Das BSG sah (Rn 28–35 der Urteilsgründe) für die Verteilung des Betriebskostenguthabens auf sechs Monate keine Rechtsgrundlage. Die Einkommensanrechnung von unterkunftsbezogenen Rückzahlungen und Guthaben werde durch die abschließende Sonderregelung in § 22 Abs. 3 SGB II ausgeschlossen. Die Regelung soll nicht die Entlastung des Bundes, sondern der kommunalen Träger, die für die Unterkunftskosten aufzukommen haben, sicherstellen (BT-Drucks 16/1699, S. 26 f.). Dies stehe der Verteilung nach § 11 Abs. 3 SGB II entgegen. Dessen Anwendung folge weder aus dem Wortlaut noch aus dem Zweck von § 22 Abs. 3 SGB II. Dagegen spreche auch die Gesetzessystematik von § 22 Abs. 3 SGB II, nach der Rückzahlungen und Gutschriften i.S. dieser Vorschrift nur die Kosten für Unterkunft und Heizung mindern. Der Anwendung von § 11 Abs. 3 SGB II stünde weiterhin der enge Zusammenhang mit § 11b Abs. 1 S. 2 SGB II entgegen.
Hinweis:
Nach § 11b Abs. 1 S. 2 SGB II sind die nach § 11b Abs. 1 S. 1 SGB II abzusetzenden Beträge für auf das Einkommen zu entrichtende Steuern, Pflichtbeiträge zur Sozialversicherung und zur Arbeitsförderung, mit der Erzielung des Einkommens verbundene Ausgaben und der Zusatzabsetzungsbetrag bei einer Erwerbstätigkeit vor der Verteilung nach § 11 Abs. 3 S. 4 SGB II abzusetzen.
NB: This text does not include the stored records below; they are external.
definition adversary_ok :: "nat \<Rightarrow> nat \<Rightarrow> nat \<Rightarrow> (hist \<Rightarrow> inst \<Rightarrow> nat pmf)
    \<Rightarrow> (hist \<Rightarrow> inst) \<Rightarrow> (hist \<Rightarrow> inst \<Rightarrow> nat pmf \<Rightarrow> nat pmf) \<Rightarrow> bool" where
  "adversary_ok n k r L AX AY \<longleftrightarrow>
     (\<forall>h. AX h \<in> inst_space n k) \<and>
     (\<forall>h x p. set_pmf (AY h x p) \<subseteq> {1..k}) \<and>
     (\<forall>h. realizable n k r h \<longrightarrow>
        (\<forall>y \<in> set_pmf (AY h (AX h) (L h (AX h))).
           \<forall>yh \<in> set_pmf (L h (AX h)).
             realizable n k r (h @ [(AX h, yh = y, yh)])))"

primrec exp_mistakes :: "(hist \<Rightarrow> inst \<Rightarrow> nat pmf) \<Rightarrow> (hist \<Rightarrow> inst)
    \<Rightarrow> (hist \<Rightarrow> inst \<Rightarrow> nat pmf \<Rightarrow> nat pmf) \<Rightarrow> nat \<Rightarrow> hist \<Rightarrow> ennreal" where
  "exp_mistakes L AX AY 0 h = 0"
| "exp_mistakes L AX AY (Suc T) h =
     (let x = AX h; p = L h x; q = AY h x p in
      \<integral>\<^sup>+ yh. (\<integral>\<^sup>+ y. ((if yh \<noteq> y then 1 else 0)
                     + exp_mistakes L AX AY T (h @ [(x, yh = y, yh)])) \<partial>measure_pmf q)
        \<partial>measure_pmf p)"

text \<open>Total expected number of mistakes = supremum over horizons (monotone convergence).\<close>
definition opt_bandit_adap :: "nat \<Rightarrow> nat \<Rightarrow> nat \<Rightarrow> ennreal" where
  "opt_bandit_adap n k r =
     (INF L \<in> {L. learner_ok k L}.
        SUP A \<in> {(AX, AY). adversary_ok n k r L AX AY}.
          SUP T. exp_mistakes L (fst A) (snd A) T [])"

end

theory Submission
  imports Defs
begin

(* The adversary always shows the instance on which experts 0, ..., k-1 predict the k distinct
   labels, and answers the label y0 that the learner predicts with probability at most 1/k.
   Let Phi be the total number of errors that the feedback forces on these k experts: a mistake
   rules out one label and raises Phi by 1, a correct prediction (probability at most 1/k) rules
   out the other k-1 labels and raises Phi by k-1.  While Phi <= k r some expert has at most r
   forced errors, so answering y0 keeps the history realizable, and by induction on the number
   T of remaining rounds the learner still makes at least min(T, k r + 1 - Phi)/2 mistakes in
   expectation.  Taking T = k r + 1 gives (k r + 1)/2 >= (k - 1) r / 2. *)

lemma nn_integral_pmf_two_valued:
  fixes p :: "'a pmf" and a b :: real
  assumes "0 \<le> a" "0 \<le> b"
  shows "(\<integral>\<^sup>+y. ennreal (if y = y0 then a else b) \<partial>measure_pmf p)
           = ennreal (pmf p y0 * a + (1 - pmf p y0) * b)"
proof -
  have ind: "integrable (measure_pmf p) (\<lambda>y. indicator {y0} y :: real)"
    by (rule measure_pmf.integrable_const_bound[where B = 1]) (auto split: split_indicator)
  have "(\<lambda>y. if y = y0 then a else b) = (\<lambda>y. b + (a - b) * indicator {y0} y)"
    by (auto split: split_indicator)
  moreover have "(\<integral>y. b + (a - b) * indicator {y0} y \<partial>measure_pmf p) = b + (a - b) * pmf p y0"
    using ind by (simp add: measure_pmf_single)
  ultimately show ?thesis
    using assms ind by (subst nn_integral_eq_integral) (auto simp: algebra_simps measure_pmf_single)
qed

lemma ex_pmf_le_inverse_card:
  assumes "finite A" "A \<noteq> {}"
  shows "\<exists>y\<in>A. pmf p y \<le> 1 / real (card A)"
proof (rule ccontr)
  assume "\<not> ?thesis"
  then have "(\<Sum>y\<in>A. 1 / real (card A)) < (\<Sum>y\<in>A. pmf p y)"
    using assms by (intro sum_strict_mono) auto
  also have "\<dots> = measure (measure_pmf p) A"
    using assms by (simp add: measure_measure_pmf_finite)
  also have "\<dots> \<le> 1" by simp
  finally show False using assms by simp
qed

lemma inst_space_nth:
  assumes "x \<in> inst_space n k" and "i < n"
  shows "x ! i \<in> {1..k}"
  using assms nth_mem[of i x] unfolding inst_space_def by blast

definition rules_out :: "nat \<Rightarrow> inst \<times> bool \<times> nat \<Rightarrow> bool" where
  "rules_out y e \<longleftrightarrow> fst (snd e) \<noteq> (snd (snd e) = y)"

definition forced_errors :: "nat \<Rightarrow> hist \<Rightarrow> nat" where
  "forced_errors i h = length (filter (\<lambda>e. rules_out (fst e ! i) e) h)"

lemma forced_errors_snoc:
  "forced_errors i (h @ [e]) = forced_errors i h + (if rules_out (fst e ! i) e then 1 else 0)"
  by (simp add: forced_errors_def)

lemma realizable_if_forced_errors_le:
  assumes "2 \<le> k" and "i < n" and "forced_errors i h \<le> r"
    and h: "\<forall>e\<in>set h. fst e \<in> inst_space n k \<and> snd (snd e) \<in> {1..k}"
  shows "realizable n k r h"
proof -
  define label where "label e =
      (if fst (snd e) then snd (snd e)
       else if fst e ! i \<noteq> snd (snd e) then fst e ! i
       else if snd (snd e) = 1 then 2 else 1)" for e :: "inst \<times> bool \<times> nat"
  have expert_in_range: "fst e ! i \<in> {1..k}" if "e \<in> set h" for e
    using h that \<open>i < n\<close> inst_space_nth by blast
  have label_in_range: "label e \<in> {1..k}" if "e \<in> set h" for e
    using h that expert_in_range[OF that] \<open>2 \<le> k\<close> unfolding label_def by auto
  define S where "S = map (\<lambda>e. (fst e, label e)) h"
  then have S_ok: "\<forall>(x, y)\<in>set S. x \<in> inst_space n k \<and> y \<in> {1..k}"
    using h label_in_range by auto
  have "card {j. j < length S \<and> fst (S ! j) ! i \<noteq> snd (S ! j)}
      = card {j. j < length h \<and> fst (h ! j) ! i \<noteq> label (h ! j)}"
    unfolding S_def by (intro arg_cong[where f = card]) auto
  also have "\<dots> = length (filter (\<lambda>e. fst e ! i \<noteq> label e) h)"
    by (simp add: length_filter_conv_card)
  also have "filter (\<lambda>e. fst e ! i \<noteq> label e) h = filter (\<lambda>e. rules_out (fst e ! i) e) h"
    by (rule filter_cong) (auto simp: label_def rules_out_def)
  finally have "card {j. j < length S \<and> fst (S ! j) ! i \<noteq> snd (S ! j)} \<le> r"
    using \<open>forced_errors i h \<le> r\<close> by (simp add: forced_errors_def)
  then have "in_P n k r S"
    using S_ok \<open>i < n\<close> unfolding in_P_def by (intro conjI exI[of _ i]) auto
  moreover have "zip (map fst h) (map label h) = S"
    unfolding S_def by (induction h) auto
  ultimately show ?thesis
    unfolding realizable_def by (intro exI[of _ "map label h"]) (auto simp: label_def)
qed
Das BSG hat das Urteil des LSG aufgehoben, das Urteil des SG geändert und die Leistungen für Unterkunft sowie Heizung auf 124,07 EUR festgesetzt.
2. Ermittlung angemessener Unterkunfts- und Betriebskosten
Die i.R.d. Leistungen zur Sicherung des Lebensunterhalts im SGB II zu übernehmenden Bedarfe für Unterkunft und Heizung werden i.H.d. tatsächlichen Aufwendungen anerkannt, soweit diese angemessen sind, § 22 Abs. 1 S. 1 SGB II (ebenso § 35 Abs. 1 S. 1 SGB XII). Dazu, wie der Begriff der Angemessenheit auszufüllen ist, schweigt das Gesetz und überlässt dies den Gerichten. Einen zusammenfassenden Überblick der insoweit einschlägigen neueren Rechtsprechung gibt Berlit (s. info also 2020, 249 ff. [Teil 1] und info also 2021, 11 ff. [Teil 2]).
Das BSG hat in seinem Urteil vom 17.9.2020 (B 4 AS 22/20 R) entschieden, dass ein schlüssiges Konzept zur Ermittlung angemessener Unterkunftsbedarfe auf der Grundlage von Angebotsmieten erstellt werden kann, wenn zu den so ermittelten Angemessenheitswerten ausreichend Wohnraum zur Verfügung steht. Der Zeitraum, für den die Angebotsmieten ermittelt werden, muss nicht mit dem Kostensenkungszeitraum nach § 22 Abs. 1 S. 3 SGB II synchron sein.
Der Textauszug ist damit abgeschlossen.